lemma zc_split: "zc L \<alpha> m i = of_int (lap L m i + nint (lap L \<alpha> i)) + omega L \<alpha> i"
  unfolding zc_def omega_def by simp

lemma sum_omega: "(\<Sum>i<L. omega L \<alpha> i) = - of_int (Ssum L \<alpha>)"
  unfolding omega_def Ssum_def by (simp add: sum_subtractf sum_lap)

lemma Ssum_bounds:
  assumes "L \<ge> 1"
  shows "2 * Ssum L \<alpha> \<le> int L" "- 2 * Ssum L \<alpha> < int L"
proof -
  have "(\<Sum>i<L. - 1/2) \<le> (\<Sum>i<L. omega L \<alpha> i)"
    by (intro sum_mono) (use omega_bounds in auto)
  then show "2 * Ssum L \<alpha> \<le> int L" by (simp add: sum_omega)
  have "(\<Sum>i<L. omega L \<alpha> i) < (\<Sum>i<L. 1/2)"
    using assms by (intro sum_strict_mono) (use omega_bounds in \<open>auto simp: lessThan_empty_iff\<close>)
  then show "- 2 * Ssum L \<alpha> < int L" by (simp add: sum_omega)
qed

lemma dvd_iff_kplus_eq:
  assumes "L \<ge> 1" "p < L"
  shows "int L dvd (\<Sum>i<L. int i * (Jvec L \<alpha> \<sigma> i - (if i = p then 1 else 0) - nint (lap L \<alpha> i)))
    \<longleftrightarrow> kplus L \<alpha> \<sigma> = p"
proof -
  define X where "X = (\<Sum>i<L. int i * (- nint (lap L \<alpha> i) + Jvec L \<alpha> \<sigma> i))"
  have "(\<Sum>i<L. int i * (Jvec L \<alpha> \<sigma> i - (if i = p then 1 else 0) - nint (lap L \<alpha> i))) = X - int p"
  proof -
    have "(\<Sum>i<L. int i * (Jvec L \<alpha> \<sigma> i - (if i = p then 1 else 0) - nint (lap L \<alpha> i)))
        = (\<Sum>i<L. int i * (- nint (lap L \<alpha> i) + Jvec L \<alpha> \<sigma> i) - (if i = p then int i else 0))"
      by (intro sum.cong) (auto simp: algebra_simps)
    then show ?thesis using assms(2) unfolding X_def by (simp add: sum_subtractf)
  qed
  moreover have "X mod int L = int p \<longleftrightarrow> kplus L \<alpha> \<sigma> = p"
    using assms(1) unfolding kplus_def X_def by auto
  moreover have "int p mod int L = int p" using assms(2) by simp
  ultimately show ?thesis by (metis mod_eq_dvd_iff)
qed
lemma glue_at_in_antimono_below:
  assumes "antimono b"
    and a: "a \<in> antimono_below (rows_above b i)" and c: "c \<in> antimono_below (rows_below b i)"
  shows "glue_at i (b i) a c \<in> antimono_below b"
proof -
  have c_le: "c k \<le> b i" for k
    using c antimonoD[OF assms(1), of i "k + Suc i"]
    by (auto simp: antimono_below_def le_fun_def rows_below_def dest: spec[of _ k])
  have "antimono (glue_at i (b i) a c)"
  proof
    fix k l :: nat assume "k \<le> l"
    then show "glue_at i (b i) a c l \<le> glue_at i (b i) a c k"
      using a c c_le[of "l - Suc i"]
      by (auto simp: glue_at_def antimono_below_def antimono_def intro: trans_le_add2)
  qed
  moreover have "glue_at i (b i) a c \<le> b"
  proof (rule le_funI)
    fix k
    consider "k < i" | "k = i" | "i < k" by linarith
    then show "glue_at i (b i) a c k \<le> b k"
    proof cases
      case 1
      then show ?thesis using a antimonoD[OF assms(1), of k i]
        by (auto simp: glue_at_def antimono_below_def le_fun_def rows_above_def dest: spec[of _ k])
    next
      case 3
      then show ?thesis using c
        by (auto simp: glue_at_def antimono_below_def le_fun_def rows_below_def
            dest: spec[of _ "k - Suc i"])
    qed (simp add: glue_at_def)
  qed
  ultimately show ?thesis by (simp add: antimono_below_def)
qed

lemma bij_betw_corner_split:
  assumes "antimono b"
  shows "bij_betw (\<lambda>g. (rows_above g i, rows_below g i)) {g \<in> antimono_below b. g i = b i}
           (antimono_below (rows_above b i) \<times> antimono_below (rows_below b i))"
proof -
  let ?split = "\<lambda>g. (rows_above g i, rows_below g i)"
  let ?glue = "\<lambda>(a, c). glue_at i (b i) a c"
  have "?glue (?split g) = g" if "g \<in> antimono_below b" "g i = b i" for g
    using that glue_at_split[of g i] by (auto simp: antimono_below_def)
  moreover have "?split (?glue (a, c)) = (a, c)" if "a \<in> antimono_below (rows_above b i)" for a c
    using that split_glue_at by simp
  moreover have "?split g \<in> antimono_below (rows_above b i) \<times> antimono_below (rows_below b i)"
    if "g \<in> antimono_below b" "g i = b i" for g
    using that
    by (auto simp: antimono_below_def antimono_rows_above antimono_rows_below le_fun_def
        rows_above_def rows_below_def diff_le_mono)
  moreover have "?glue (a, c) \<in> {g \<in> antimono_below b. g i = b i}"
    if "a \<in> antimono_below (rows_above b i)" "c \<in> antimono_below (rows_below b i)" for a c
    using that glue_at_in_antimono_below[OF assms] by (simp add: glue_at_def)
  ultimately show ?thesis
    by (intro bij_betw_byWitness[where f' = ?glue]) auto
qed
------------------------------------------------------------------------
→ Required action:
Every line above with the word "antimonoD" belongs in the answer, copied as written.

→ Finished exercise:
    using c antimonoD[OF assms(1), of i "k + Suc i"]
      then show ?thesis using a antimonoD[OF assms(1), of k i]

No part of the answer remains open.